Copy /etc/rc.conf to /usr/jails/sendmail/etc and update to remove any host rc items (setup of fxp0, jail enable stuff added above, disable ssh probably,etc)
mount /usr/ports and /usr/src using devfs mounts inside the jails -- probably r/w for now
start the jail using "/etc/rc.d/jails start sendmail"
jexec jid tcsh (substitute jid with the id returned by "jls")
follow the majority of the directions found here to install SpamAssasin, spamassassin-milter, ClamAV, config Sendmail, setup autoboot for these items within the jail -- make sure you update the jail's /etc/rc.conf not the hosts.
Follow the steps found here to get DoveCot running in the jail
Once all installation items are done, make sure to remove the /usr/src and /usr/ports devfs mounts from the jail.
Make sure the host does not startup services (e.g. Sendmail) on its own as the Jail should be doing that now -- check w/ "netstat -a"

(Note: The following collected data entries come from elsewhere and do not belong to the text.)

(* Restrict to the hard inputs hard_input n v (1 <= v <= n), in which x_0 has rank v and the
   other elements occupy the remaining ranks in increasing order, with target index 0. On them a
   query distinguishes v from v + 1 for at most two values of v, so a round of c queries splits a
   set of candidates sharing their history into at most 2c + 1 classes. By induction on the
   number m of remaining rounds, a deterministic algorithm that succeeds on s of the x candidates
   of such a set spends at least s * query_bound m x - x queries on them in total; the induction
   step is Young's inequality. Averaging over the randomness and over v then yields one hard
   input with large expected cost. *)

lemma card_image_le_card_changes:
  fixes f :: "nat \<Rightarrow> 'a"
  assumes "finite B" and changes: "\<And>u. f (Suc u) \<noteq> f u \<Longrightarrow> u \<in> B"
  shows "card (f ` V) \<le> card B + 1"
proof -
  define W where "W = insert 0 (Suc ` B)"
  have "f v \<in> f ` W" for v
  proof -
    define w where "w = Max {u \<in> W. u \<le> v}"
    have fin: "finite {u \<in> W. u \<le> v}" and "0 \<in> {u \<in> W. u \<le> v}"
      using assms(1) by (auto simp: W_def)
    then have "w \<in> W" "w \<le> v"
      using Max_in unfolding w_def by blast+
    have "f w = f v"
      using \<open>w \<le> v\<close>
    proof (induction v rule: dec_induct)
      case (step u)
      have "u \<notin> B"
      proof
        assume "u \<in> B"
        then have "Suc u \<le> w"
          using step.hyps(2) fin unfolding w_def by (intro Max_ge) (auto simp: W_def)
        with step.hyps(1) show False by simp
      qed
      with step.IH show ?case using changes by metis
    qed simp
    with \<open>w \<in> W\<close> show ?thesis by (metis image_eqI)
  qed
  then have "card (f ` V) \<le> card (f ` W)"
    using assms(1) by (intro card_mono) (auto simp: W_def)
  also have "\<dots> \<le> card W"
    using assms(1) by (intro card_image_le) (simp add: W_def)
  also have "\<dots> \<le> card (Suc ` B) + 1"
    using assms(1) by (simp add: W_def card_insert_if)
  also have "card (Suc ` B) = card B"
    by (simp add: card_image)
  finally show ?thesis .
qed

lemma Youngs_inequality_powr:
  fixes a x y :: real
  assumes "a > 1" "x \<ge> 0" "y \<ge> 0"
  shows "y * (a * x powr (1 / a) - (a - 1) * y powr (1 / (a - 1))) \<le> x"
proof (cases "x = 0 \<or> y = 0")
  case True
  then show ?thesis
    using assms by auto
next
  case False
  with assms have "x > 0" "y > 0"
    by auto
  define b where "b = y powr (a / (a - 1))"
  have "b > 0"
    using \<open>y > 0\<close> by (simp add: b_def)
  have "b powr ((a - 1) / a) = y"
    using assms \<open>y > 0\<close> by (simp add: b_def powr_powr)
  moreover have "b = y * y powr (1 / (a - 1))"
  proof -
    have "a / (a - 1) = 1 + 1 / (a - 1)"
      using assms(1) by (simp add: field_simps)
    then show ?thesis
      using \<open>y > 0\<close> by (simp add: b_def powr_add)
  qed
  moreover have "x powr (1 / a) * b powr ((a - 1) / a) \<le> (1 / a) * x + ((a - 1) / a) * b"
    by (rule Youngs_inequality_0) (use assms \<open>x > 0\<close> \<open>b > 0\<close> in \<open>auto simp: field_simps\<close>)
  ultimately have "a * (x powr (1 / a) * y) \<le> x + (a - 1) * (y * y powr (1 / (a - 1)))"
    using assms(1) by (simp add: field_simps)
  then show ?thesis
    by (simp add: algebra_simps)
qed

lemma sum_max_le:
  fixes y :: "'a \<Rightarrow> real" and c :: nat
  assumes "finite Hs" "(\<Sum>H\<in>Hs. y H) = x" "\<forall>H\<in>Hs. y H \<ge> 0" "card Hs \<le> 2 * c + 1"
    and "0 \<le> b" "b \<le> x / 4"
  shows "(\<Sum>H\<in>Hs. max (y H) b) \<le> x * c + x"
proof (cases "c = 0")
  case True
  with assms(1,4) have "Hs = {} \<or> (\<exists>H. Hs = {H})"
    by (metis card_0_eq card_1_singletonE le_neq_implies_less less_one mult_0_right add_0)
  then show ?thesis
    using assms(2,5,6) by auto
next
  case False
  have "(\<Sum>H\<in>Hs. max (y H) b) \<le> (\<Sum>H\<in>Hs. y H + x / 4)"
    using assms(3,5,6) by (intro sum_mono) auto
  also have "\<dots> = x + card Hs * (x / 4)"
    using assms(2) by (simp add: sum.distrib)
  also have "\<dots> \<le> x + (2 * c + 1) * (x / 4)"
    using assms(4-6) by (intro add_left_mono mult_right_mono) auto
  also have "\<dots> \<le> x * c + x"
    using False assms(5,6) mult_left_mono[of 1 "2 * real c" x] by (simp add: field_simps)
  finally show ?thesis .
qed

lemma (in prob_space) exists_nn_integral_ge_of_pointwise_bound:
  fixes N :: "'i set" and S :: "'i \<Rightarrow> 'a set" and f :: "'i \<Rightarrow> 'a \<Rightarrow> real" and p c K :: real
  assumes "finite N" "N \<noteq> {}" "0 \<le> p" "0 \<le> c"
    and events: "\<And>v. v \<in> N \<Longrightarrow> S v \<in> events"
    and prob: "\<And>v. v \<in> N \<Longrightarrow> p \<le> prob (S v)"
    and measurable: "\<And>v. v \<in> N \<Longrightarrow> (\<lambda>x. ennreal (f v x)) \<in> borel_measurable M"
    and nonneg: "\<And>v x. 0 \<le> f v x"
    and pointwise: "\<And>x. x \<in> space M \<Longrightarrow>
      K * card {v \<in> N. x \<in> S v} \<le> (\<Sum>v\<in>N. f v x) + card N * c"
  shows "\<exists>v\<in>N. ennreal (p * K - c) \<le> (\<integral>\<^sup>+ x. ennreal (f v x) \<partial>M)"
proof (cases "K \<le> 0")
  case True
  then have "p * K - c \<le> 0"
    using mult_nonneg_nonpos[OF assms(3) True] assms(4) by linarith
  then show ?thesis
    using assms(2) by (auto simp: ennreal_neg)
next
  case False
  define I where "I v = (\<integral>\<^sup>+ x. ennreal (f v x) \<partial>M)" for v
  obtain w where "w \<in> N" and w_max: "\<And>v. v \<in> N \<Longrightarrow> I v \<le> I w"
    using Max_in[of "I ` N"] Max_ge[of "I ` N"] assms(1,2) by fastforce
  have "of_nat (card N) * ennreal (p * K) = (\<Sum>v\<in>N. ennreal K * ennreal p)"
    using False assms(3) by (simp add: ennreal_mult mult.commute)
  also have "\<dots> \<le> (\<Sum>v\<in>N. ennreal K * emeasure M (S v))"
    using prob by (intro sum_mono mult_left_mono) (auto simp: emeasure_eq_measure)
  also have "\<dots> = (\<integral>\<^sup>+ x. ennreal K * (\<Sum>v\<in>N. indicator (S v) x) \<partial>M)"
    using events by (simp add: nn_integral_cmult nn_integral_sum sum_distrib_left)
  also have "\<dots> \<le> (\<integral>\<^sup>+ x. (\<Sum>v\<in>N. ennreal (f v x)) + ennreal (card N * c) \<partial>M)"
  proof (rule nn_integral_mono)
    fix x assume "x \<in> space M"
    have "ennreal K * (\<Sum>v\<in>N. indicator (S v) x) = ennreal (K * card {v \<in> N. x \<in> S v})"
      using False assms(1) by (simp add: indicator_def ennreal_mult Int_def ennreal_of_nat_eq_real_of_nat)
    also have "\<dots> \<le> ennreal ((\<Sum>v\<in>N. f v x) + card N * c)"
      using pointwise[OF \<open>x \<in> space M\<close>] by (rule ennreal_leI)
    also have "\<dots> = (\<Sum>v\<in>N. ennreal (f v x)) + ennreal (card N * c)"
      using nonneg assms(4) by (simp add: ennreal_plus sum_nonneg sum_ennreal)
    finally show "ennreal K * (\<Sum>v\<in>N. indicator (S v) x)
        \<le> (\<Sum>v\<in>N. ennreal (f v x)) + ennreal (card N * c)" .
  qed
  also have "\<dots> = (\<Sum>v\<in>N. I v) + ennreal (card N * c)"
    using measurable by (simp add: nn_integral_add nn_integral_sum emeasure_space_1 I_def)
  also have "\<dots> \<le> of_nat (card N) * (ennreal c + I w)"
    using sum_bounded_above[of N I "I w"] w_max assms(4)
    by (simp add: distrib_left ennreal_mult ennreal_of_nat_eq_real_of_nat add_right_mono add.commute)
  finally have "ennreal (p * K) \<le> ennreal c + I w"
    using assms(1,2) by (subst (asm) ennreal_mult_le_mult_iff) auto
  then have "ennreal (p * K) - ennreal c \<le> I w"
    by (simp add: ennreal_minus_le_iff)
  then have "ennreal (p * K - c) \<le> I w"
    using assms(4) by (simp add: ennreal_minus)
  with \<open>w \<in> N\<close> show ?thesis
    by (auto simp: I_def)
qed

definition hard_input :: "nat \<Rightarrow> nat \<Rightarrow> nat \<Rightarrow> nat" where
  "hard_input n v j = (if j = 0 then v else if j < n then (if j < v then j else Suc j) else 0)"

lemma hard_input_in_inputs:
  assumes "1 \<le> v" "v \<le> n"
  shows "hard_input n v \<in> inputs n"
proof -
  have inj: "inj_on (hard_input n v) {..<n}"
    by (auto simp: inj_on_def hard_input_def split: if_splits)
  have sub: "hard_input n v ` {..<n} \<subseteq> {1..n}"
    using assms by (auto simp: hard_input_def)
  have "hard_input n v ` {..<n} = {1..n}"
    by (rule card_subset_eq) (use card_image[OF inj] sub in auto)
  then show ?thesis
    using inj assms by (auto simp: inputs_def bij_betw_def hard_input_def)
qed

fun breakpoints :: "nat \<times> nat \<Rightarrow> nat set" where
  "breakpoints (j, m) = (if j = 0 then {m - 1, m} else {j})"

lemma finite_breakpoints [simp]: "finite (breakpoints q)"
  by (cases q) simp

lemma card_breakpoints_le: "card (breakpoints q) \<le> 2"
  by (cases q) (simp add: card_insert_le_m1)

lemma answer_hard_input_Suc_eq:
  assumes "v \<notin> breakpoints q"
  shows "answer (hard_input n (Suc v)) q = answer (hard_input n v) q"
proof -
  obtain j m where "q = (j, m)"
    by fastforce
  with assms show ?thesis
    by (auto simp: answer_def cmp_nat_def hard_input_def split: if_splits)
qed

definition hard_hist :: "alg \<Rightarrow> nat \<Rightarrow> nat \<Rightarrow> nat \<Rightarrow> (nat \<times> nat \<rightharpoonup> cmp)" where
  "hard_hist A n r v = hist A (hard_input n v) 0 r"

lemma hard_hist_Suc:
  "hard_hist A n (Suc r) v =
     hard_hist A n r v ++ (Some \<circ> answer (hard_input n v)) |` queries A r 0 (hard_hist A n r v)"
  by (simp add: hard_hist_def Let_def restrict_map_def comp_def)

lemma card_hard_hist_Suc_image_le:
  assumes "valid_alg A" and "\<forall>v\<in>V. hard_hist A n r v = h"
  shows "card (hard_hist A n (Suc r) ` V) \<le> 2 * card (queries A r 0 h) + 1"
proof -
  define Q where "Q = queries A r 0 h"
  define f where "f v = h ++ (Some \<circ> answer (hard_input n v)) |` Q" for v
  have "finite Q"
    using assms(1) by (simp add: valid_alg_def Q_def)
  have "hard_hist A n (Suc r) ` V = f ` V"
    using assms(2) by (auto simp: hard_hist_Suc f_def Q_def)
  also have "card (f ` V) \<le> card (\<Union>q\<in>Q. breakpoints q) + 1"
  proof (rule card_image_le_card_changes)
    show "finite (\<Union>q\<in>Q. breakpoints q)"
      using \<open>finite Q\<close> by simp
    show "u \<in> (\<Union>q\<in>Q. breakpoints q)" if "f (Suc u) \<noteq> f u" for u
    proof (rule ccontr)
      assume "u \<notin> (\<Union>q\<in>Q. breakpoints q)"
      then have "\<forall>q\<in>Q. answer (hard_input n (Suc u)) q = answer (hard_input n u) q"
        using answer_hard_input_Suc_eq by blast
      then have "(Some \<circ> answer (hard_input n (Suc u))) |` Q = (Some \<circ> answer (hard_input n u)) |` Q"
        by (simp add: restrict_map_def fun_eq_iff)
      then have "f (Suc u) = f u"
        by (simp add: f_def)
      with that show False ..
    qed
  qed
  also have "card (\<Union>q\<in>Q. breakpoints q) \<le> (\<Sum>q\<in>Q. card (breakpoints q))"
    using \<open>finite Q\<close> by (rule card_UN_le)
  also have "\<dots> \<le> 2 * card Q"
    using sum_bounded_above[of Q "\<lambda>q. card (breakpoints q)" 2] card_breakpoints_le
    by (simp add: mult.commute)
  finally show ?thesis
    by (simp add: Q_def)
qed


definition query_bound :: "nat \<Rightarrow> real \<Rightarrow> real" where
  "query_bound m x = real m * x powr (1 / real m) / (4 * exp 1) - real m"

lemma query_bound_one_le:
  fixes x S :: real and c :: nat
  assumes "x \<ge> 0" "0 \<le> S" "S \<le> 2 * c + 1"
  shows "S * query_bound 1 x \<le> x * c + x"
proof -
  have "S * query_bound 1 x \<le> S * x / (4 * exp 1)"
    using assms by (simp add: query_bound_def algebra_simps)
  also have "\<dots> \<le> (2 * c + 1) * x / (4 * exp 1)"
    using assms by (intro divide_right_mono mult_right_mono) auto
  also have "\<dots> \<le> (2 * c + 1) * x / 4"
    using assms(1) by (intro divide_left_mono) auto
  also have "\<dots> \<le> x * c + x"
    using assms(1) by (simp add: field_simps)
  finally show ?thesis .
qed

lemma query_bound_Suc_le:
  fixes x y S T :: real
  assumes "1 \<le> m" "0 \<le> x" "0 \<le> S" "S \<le> y"
    and IH: "S * query_bound m y \<le> T + y"
  shows "S * query_bound (Suc m) x \<le> T + max y (x / (4 * exp 1))"
proof (cases "query_bound (Suc m) x \<le> query_bound m y")
  case True
  then have "S * query_bound (Suc m) x \<le> S * query_bound m y"
    using assms(3) by (rule mult_left_mono)
  with IH show ?thesis
    by linarith
next
  case False
  have "y * (query_bound (Suc m) x - query_bound m y)
      = y * ((m + 1) * x powr (1 / (m + 1)) - m * y powr (1 / m)) / (4 * exp 1) - y"
    by (simp add: query_bound_def field_simps)
  also have "\<dots> \<le> x / (4 * exp 1) - y"
    using Youngs_inequality_powr[of "m + 1" x y] assms by (simp add: divide_right_mono)
  finally have "y * (query_bound (Suc m) x - query_bound m y) \<le> x / (4 * exp 1) - y" .
  moreover have "S * (query_bound (Suc m) x - query_bound m y)
      \<le> y * (query_bound (Suc m) x - query_bound m y)"
    using False assms(4) by (intro mult_right_mono) auto
  ultimately show ?thesis
    using IH by (simp add: algebra_simps)
qed

definition successes :: "alg \<Rightarrow> nat \<Rightarrow> nat \<Rightarrow> nat set \<Rightarrow> nat" where
  "successes A n k V = card {v \<in> V. succeeds A k (hard_input n v) 0}"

Does that sound about right?  Am I missing anything or is there a better way to achieve the same end results?


----------



## osx-addict (Mar 3, 2009)

Just to reply to myself.. I found a tutorial that seems to cover most of what I'm after above.. While it doesn't directly cover a Sendmail jail, it does show how to create jail bases, and specific service jails for web,etc.

http://www.joomlawebserver.com/freebsd/index.php

I believe that tutorial is for an older version (6.2) of FreeBSD but very much still relevant..  Anyway, just passing this along..


----------



## Mel_Flynn (Mar 5, 2009)

What's wrong with the jail(8) manpage? I'm not entirely sure why someone would advise to download the distribution packages. You can easily build from source and this is actually smarter to do if you ever plan to upgrade your host system.
Lots of people will advise you to use ezjail, I'm not one of them, since the ammount of features that got into it, it's more work configuring ezjail then installing a new jail. That set aside, having installed a jail from source at least once is a good learning experience of how host and jail relate to eachother, how the build system can help you and how to keep host and jail in sync with eachother.
The latter is not a prerequisite for a good working jail, but, the intent of most jails is to provide services for the big bad ugly world out there, so you do want your jails to have the latest security patches.
Also, once you understand the steps in jail(8), you are better equipped to troubleshoot issues with jail management software, like ezjail.


----------



## osx-addict (Mar 5, 2009)

Nothing is wrong with the jail manpage.. I'm new to FreeBSD and wanted something that was a bit more global in nature that would show both the jail & host sides and typical setup/usage.  I've learned a lot over the past several days and still had to ping people here on the boards for some questions that I just didn't find obvious answers for. (I've got another thread in the firewall forum you can read if you like).. Anyway, I'm much more comfortable with things now and am not using ezjail at all..


----------